After I caught the seizure on tape we found a great neurologist, Dr. Parrish Winesett, who sent us to All Children’s Hospital where they did a series of EEG’s and a Cat Scan. We found out Meghan had a mix of fluid and blood on the brain, Dr. Winesett thought that this may be the cause of Meghan’s seizures and he reffered us to Dr. Tuite, a pediatric neurosurgeon who sent us back to All Children’s for an MRI to get a better look at the fluids on her brain. That was the first time we heard the word “Subdural Tap” our world felt as though it was collapsing I couldn’t fathom the thought that they might have to cut into my three month old daughters head. Luckily Dr. Tuite was a thinker, he felt that the fluid would clear up on it’s own, that there would be no need to do anything invasive.
We went back for a follow up MRI with Dr. Tuite,he told us that the fluid had indeed cleared up on it’s own. Dr. Tuite said that Meghan also had a mild case of Plagiocephaly, “a misshapen (asymmetrical) shape of the head from repeated pressure to the same area of the head. Plagiocephaly literally means “oblique head” (from the Greek words “plagio” for oblique and “cephale” for head”). At first the word startled me but Dr. Tuite told us that it should correct itself by the time Meghan was five and again he was right.

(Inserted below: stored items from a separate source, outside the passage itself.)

(* Let $V$ be a finite-dimensional real Hilbert space with inner product $\langle\cdot,\cdot\rangle$, let $M\subset V$ be a convex open subset, and let $f\in C^1(M,V)$ satisfy (i) there exists $A_0\in M$ such that the Fréchet derivative $Df[A_0]$ is positive definite; (ii) for every $A\in M$, $Df[A]$ is invertible and self-adjoint. Then $\langle Df[A].H,\,H\rangle>0$ for all $A\in M$ and all $H\in V\setminus\{0\}$, and consequently $f$ is strictly monotone on $M$, i.e. $\langle f(A)-f(B),\,A-B\rangle>0$ for all $A\neq B$ in $M$.
   Context: $Df[A]\in L(V,V)$ denotes the Fréchet derivative of $f$ at $A$; it is positive definite if $\langle Df[A].H,H\rangle>0$ for all $H\neq 0$. *)

theory Defs
  imports "HOL-Analysis.Analysis"
begin

end

theory Submission imports Defs begin

text \<open>Positive definiteness is an open condition on the derivative, and by invertibility
together with self-adjointness its failure is also open (a positive semidefinite injective
self-adjoint operator is positive definite, so failing means having a negative direction).
Hence the positive-definite locus is clopen in the connected set \<open>M\<close> and nonempty, so it is
all of \<open>M\<close>. Strict monotonicity then follows from the mean value theorem along segments.\<close>

definition positive_definite :: "('a::real_inner \<Rightarrow> 'a) \<Rightarrow> bool" where
  "positive_definite T \<longleftrightarrow> (\<forall>H. H \<noteq> 0 \<longrightarrow> inner (T H) H > 0)"

lemma selfadjoint_psd_inj_imp_positive_definite:
  fixes T :: "'a::real_inner \<Rightarrow> 'a"
  assumes lin: "linear T" and sa: "\<And>x y. inner (T x) y = inner x (T y)"
    and psd: "\<And>H. inner (T H) H \<ge> 0" and inj: "inj T"
  shows "positive_definite T"
  unfolding positive_definite_def
proof (intro allI impI)
  fix x :: 'a assume x: "x \<noteq> 0"
  show "inner (T x) x > 0"
  proof (rule ccontr)
    assume "\<not> inner (T x) x > 0"
    then have x0: "inner (T x) x = 0" using psd[of x] by linarith
    define a where "a = inner (T x) (T x)"
    define b where "b = inner (T (T x)) (T x)"
    have b0: "b \<ge> 0" unfolding b_def by (rule psd)
    text \<open>The quadratic form along the line \<open>x + t T x\<close> is \<open>2 t a + t\<^sup>2 b\<close>, which changes
      sign near \<open>t = 0\<close> unless \<open>a = 0\<close>.\<close>
    have line: "0 \<le> 2 * t * a + t\<^sup>2 * b" for t
    proof -
      have "0 \<le> inner (T (x + t *\<^sub>R T x)) (x + t *\<^sub>R T x)" by (rule psd)
      also have "\<dots> = inner (T x) x + t * inner (T x) (T x) + t * inner (T (T x)) x
          + t\<^sup>2 * inner (T (T x)) (T x)"
        by (simp add: linear_add[OF lin] linear_scale[OF lin] inner_add_left inner_add_right
            power2_eq_square algebra_simps)
      also have "inner (T (T x)) x = inner (T x) (T x)" using sa by (metis inner_commute)
      finally show ?thesis using x0 a_def b_def by (simp add: algebra_simps)
    qed
    have "a = 0"
    proof (rule ccontr)
      assume a: "a \<noteq> 0"
      have "2 * (-a / (b + 1)) * a + (-a / (b + 1))\<^sup>2 * b = a\<^sup>2 * (- b - 2) / (b + 1)\<^sup>2"
        using b0 by (simp add: power2_eq_square divide_simps) algebra
      moreover have "a\<^sup>2 * (- b - 2) / (b + 1)\<^sup>2 < 0"
        using a b0 by (simp add: divide_neg_pos mult_pos_neg)
      ultimately show False using line[of "-a / (b + 1)"] by linarith
    qed
    then have "T x = T 0" using linear_0[OF lin] a_def by simp
    then show False using inj x by (metis injD)
  qed
qed

lemma positive_definite_nonneg:
  assumes "linear T" and "positive_definite T"
  shows "0 \<le> inner (T H) H"
  using assms by (cases "H = 0") (auto simp: positive_definite_def linear_0 less_imp_le)

lemma selfadjoint_inj_positive_definite_or_negative:
  fixes T :: "'a::real_inner \<Rightarrow> 'a"
  assumes "linear T" and "\<And>x y. inner (T x) y = inner x (T y)" and "inj T"
  shows "positive_definite T \<or> (\<exists>H. inner (T H) H < 0)"
  using selfadjoint_psd_inj_imp_positive_definite[OF assms(1,2) _ assms(3)] by (meson not_less)

lemma positive_definite_quadratic_lower_bound:
  fixes T :: "'a::euclidean_space \<Rightarrow> 'a"
  assumes lin: "bounded_linear T" and pd: "positive_definite T"
  obtains c where "c > 0" "\<And>H. c * (norm H)\<^sup>2 \<le> inner (T H) H"
proof -
  have cont: "continuous_on (sphere 0 1) (\<lambda>H. inner (T H) H)"
    using continuous_on_inner[OF linear_continuous_on[OF lin] continuous_on_id] .
  then obtain H0 where H0: "H0 \<in> sphere 0 1"
    and min: "\<And>u. u \<in> sphere 0 1 \<Longrightarrow> inner (T H0) H0 \<le> inner (T u) u"
    using continuous_attains_inf[OF compact_sphere _ cont] by fastforce
  have "inner (T H0) H0 > 0"
    using H0 pd unfolding positive_definite_def by (metis mem_sphere_0 norm_zero zero_neq_one)
  moreover have "inner (T H0) H0 * (norm H)\<^sup>2 \<le> inner (T H) H" for H
  proof (cases "H = 0")
    case True
    then show ?thesis using lin by (simp add: linear_simps)
  next
    case False
    then have "inner (T H0) H0 \<le> inner (T (H /\<^sub>R norm H)) (H /\<^sub>R norm H)"
      by (intro min) simp
    also have "\<dots> = inner (T H) H / (norm H)\<^sup>2"
      using False by (simp add: linear_simps[OF lin] power2_eq_square field_simps)
    finally show ?thesis using False by (simp add: field_simps)
  qed
  ultimately show thesis using that by blast
qed

lemma blinfun_quadratic_form_bound:
  fixes T :: "'a::real_inner \<Rightarrow>\<^sub>L 'a"
  shows "\<bar>inner (T H) H\<bar> \<le> norm T * (norm H)\<^sup>2"
proof -
  have "\<bar>inner (T H) H\<bar> \<le> norm (T H) * norm H" by (rule Cauchy_Schwarz_ineq2)
  also have "\<dots> \<le> norm T * norm H * norm H" by (simp add: mult_right_mono norm_blinfun)
  finally show ?thesis by (simp add: power2_eq_square mult.assoc)
qed

lemma positive_definite_near:
  fixes S T :: "'a::real_inner \<Rightarrow>\<^sub>L 'a"
  assumes bound: "\<And>H. c * (norm H)\<^sup>2 \<le> inner (T H) H" and near: "dist S T < c"
  shows "positive_definite (blinfun_apply S)"
  unfolding positive_definite_def
proof (intro allI impI)
  fix H :: 'a assume "H \<noteq> 0"
  have "\<bar>inner ((S - T) H) H\<bar> \<le> norm (S - T) * (norm H)\<^sup>2" by (rule blinfun_quadratic_form_bound)
  also have "\<dots> < c * (norm H)\<^sup>2" using near \<open>H \<noteq> 0\<close> by (simp add: dist_norm)
  finally show "inner (S H) H > 0"
    using bound[of H] by (simp add: minus_blinfun.rep_eq inner_diff_left)
qed

lemma open_positive_definite_locus:
  fixes Df :: "'a::euclidean_space \<Rightarrow> ('a \<Rightarrow>\<^sub>L 'a)"
  assumes "open M" and cont: "continuous_on M Df"
  shows "open {A \<in> M. positive_definite (blinfun_apply (Df A))}" (is "open ?P")
proof (subst open_subopen, intro ballI)
  fix A assume A: "A \<in> ?P"
  then obtain c where c: "c > 0" "\<And>H. c * (norm H)\<^sup>2 \<le> inner (Df A H) H"
    by (auto intro: positive_definite_quadratic_lower_bound[OF blinfun.bounded_linear_right])
  have "open (M \<inter> Df -` ball (Df A) c)"
    using continuous_open_preimage[OF cont \<open>open M\<close>] by blast
  moreover have "M \<inter> Df -` ball (Df A) c \<subseteq> ?P"
    using positive_definite_near[OF c(2)] by (auto simp: dist_commute)
  ultimately show "\<exists>U. open U \<and> A \<in> U \<and> U \<subseteq> ?P" using A c(1) by auto
qed

lemma open_indefinite_locus:
  fixes Df :: "'a::real_inner \<Rightarrow> ('a \<Rightarrow>\<^sub>L 'a)"
  assumes "open M" and cont: "continuous_on M Df"
  shows "open {A \<in> M. \<exists>H. inner (Df A H) H < 0}"
proof -
  have "continuous_on M (\<lambda>B. inner (Df B H) H)" for H
    using bounded_bilinear.continuous_on[OF bounded_bilinear_blinfun_apply cont continuous_on_const]
    by (intro continuous_on_inner continuous_on_const)
  then have open_H: "open (M \<inter> (\<lambda>B. inner (Df B H) H) -` {..<0})" for H
    using continuous_open_preimage[OF _ \<open>open M\<close> open_lessThan] by blast
  have "{A \<in> M. \<exists>H. inner (Df A H) H < 0} = (\<Union>H. M \<inter> (\<lambda>B. inner (Df B H) H) -` {..<0})"
    by auto
  then show ?thesis by (simp only:) (intro open_UN ballI open_H)
qed

lemma connected_open_cover_cases:
  assumes "connected M" "open P" "open N" "M \<subseteq> P \<union> N" "P \<inter> N \<inter> M = {}" "P \<inter> M \<noteq> {}"
  shows "M \<subseteq> P"
  using assms unfolding connected_def by blast

lemma positive_definite_on_connected:
  fixes Df :: "'a::euclidean_space \<Rightarrow> ('a \<Rightarrow>\<^sub>L 'a)"
  assumes "connected M" and "open M" and cont: "continuous_on M Df"
    and sa: "\<And>A x y. A \<in> M \<Longrightarrow> inner (Df A x) y = inner x (Df A y)"
    and inj: "\<And>A. A \<in> M \<Longrightarrow> inj (blinfun_apply (Df A))"
    and "A0 \<in> M" and "positive_definite (blinfun_apply (Df A0))"
    and "A \<in> M"
  shows "positive_definite (blinfun_apply (Df A))"
proof -
  let ?P = "{A \<in> M. positive_definite (blinfun_apply (Df A))}"
  let ?N = "{A \<in> M. \<exists>H. inner (Df A H) H < 0}"
  note lin = blinfun.bounded_linear_right[THEN bounded_linear.linear]
  have "M \<subseteq> ?P \<union> ?N"
    using selfadjoint_inj_positive_definite_or_negative[OF lin sa inj] by blast
  moreover have "?P \<inter> ?N \<inter> M = {}"
    using positive_definite_nonneg[OF lin] by (force simp: not_less[symmetric])
  moreover have "?P \<inter> M \<noteq> {}"
    using assms(6,7) by blast
  ultimately have "M \<subseteq> ?P"
    by (rule connected_open_cover_cases[OF \<open>connected M\<close>
          open_positive_definite_locus[OF \<open>open M\<close> cont] open_indefinite_locus[OF \<open>open M\<close> cont]])
  with \<open>A \<in> M\<close> show ?thesis by blast
qed

lemma strictly_monotone_if_positive_definite_derivative:
  fixes f :: "'a::real_inner \<Rightarrow> 'a"
  assumes "convex M"
    and deriv: "\<And>A. A \<in> M \<Longrightarrow> (f has_derivative f' A) (at A)"
    and pd: "\<And>A. A \<in> M \<Longrightarrow> positive_definite (f' A)"
    and A: "A \<in> M" and B: "B \<in> M" and "A \<noteq> B"
  shows "inner (f A - f B) (A - B) > 0"
proof -
  define p where "p = (\<lambda>t::real. B + t *\<^sub>R (A - B))"
  have pM: "p t \<in> M" if "0 \<le> t" "t \<le> 1" for t
    using convexD[OF \<open>convex M\<close> A B, of t "1 - t"] that by (simp add: p_def algebra_simps)
  define \<phi> where "\<phi> = (\<lambda>t. inner (f (p t)) (A - B))"
  have "DERIV \<phi> t :> inner (f' (p t) (A - B)) (A - B)" if "0 \<le> t" "t \<le> 1" for t
  proof -
    have lin: "linear (f' (p t))"
      using deriv[OF pM[OF that]] by (rule has_derivative_linear)
    have "(p has_derivative (\<lambda>s. s *\<^sub>R (A - B))) (at t)"
      unfolding p_def by (auto intro!: derivative_eq_intros)
    from has_derivative_compose[OF this deriv[OF pM[OF that]]]
    have "(\<phi> has_derivative (\<lambda>s. inner (f' (p t) (s *\<^sub>R (A - B))) (A - B))) (at t)"
      unfolding \<phi>_def by (rule has_derivative_inner_left)
    moreover have "(\<lambda>s. inner (f' (p t) (s *\<^sub>R (A - B))) (A - B))
        = (*) (inner (f' (p t) (A - B)) (A - B))"
      by (simp add: fun_eq_iff linear_scale[OF lin])
    ultimately show ?thesis by (simp only: has_field_derivative_def)
  qed
  then obtain z where z: "0 < z" "z < 1"
    and mvt: "\<phi> 1 - \<phi> 0 = (1 - 0) * inner (f' (p z) (A - B)) (A - B)"
    using MVT2[of 0 1 \<phi> "\<lambda>t. inner (f' (p t) (A - B)) (A - B)"] by auto
  have "inner (f' (p z) (A - B)) (A - B) > 0"
    using pd[OF pM] z \<open>A \<noteq> B\<close> unfolding positive_definite_def by simp
  moreover have "\<phi> 1 - \<phi> 0 = inner (f A - f B) (A - B)"
    by (simp add: \<phi>_def p_def inner_diff_left)
  ultimately show ?thesis using mvt by simp
qed

theorem lemma1p1:
  fixes f :: "'a::euclidean_space \<Rightarrow> 'a"
    and Df :: "'a \<Rightarrow> ('a \<Rightarrow>\<^sub>L 'a)"
    and M :: "'a set"
  assumes "convex M" and "open M"
    and deriv: "\<And>A. A \<in> M \<Longrightarrow> (f has_derivative blinfun_apply (Df A)) (at A)"
    and cont: "continuous_on M Df"
    and pd0: "\<exists>A0\<in>M. \<forall>H. H \<noteq> 0 \<longrightarrow> inner (Df A0 H) H > 0"
    and inv: "\<And>A. A \<in> M \<Longrightarrow> bij (blinfun_apply (Df A))"
    and sa: "\<And>A x y. A \<in> M \<Longrightarrow> inner (Df A x) y = inner x (Df A y)"
  shows "(\<forall>A\<in>M. \<forall>H. H \<noteq> 0 \<longrightarrow> inner (Df A H) H > 0)
    \<and> (\<forall>A\<in>M. \<forall>B\<in>M. A \<noteq> B \<longrightarrow> inner (f A - f B) (A - B) > 0)"
proof -
  obtain A0 where "A0 \<in> M" "positive_definite (blinfun_apply (Df A0))"
    using pd0 by (auto simp: positive_definite_def)
  then have pd: "\<And>A. A \<in> M \<Longrightarrow> positive_definite (blinfun_apply (Df A))"
    using positive_definite_on_connected[OF convex_connected[OF \<open>convex M\<close>] \<open>open M\<close> cont sa
        bij_is_inj[OF inv]] by blast
  have "\<forall>A\<in>M. \<forall>B\<in>M. A \<noteq> B \<longrightarrow> inner (f A - f B) (A - B) > 0"
    using strictly_monotone_if_positive_definite_derivative[OF \<open>convex M\<close> deriv pd] by blast
  with pd show ?thesis by (simp add: positive_definite_def)
qed

end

Somewhere in the midst of all this, it was time for Meghan’s immunizations. It may sound silly, but it was really hard for me, I read up on all the shots and was sooo nervous. I had read that you shouldn’t give a child with seizures pertusis and was set on telling the pediatrician that she wouldn’t be having that shot. Between the doctor and my family I was talked into giving her the DTaP which contains pertusis.
Remember I talked about that gut feeling, the motherly instinct, I wish I had been stronger and listened to mine that day because Meghan went from one or two seizures every couple of weeks to eight to twenty a day.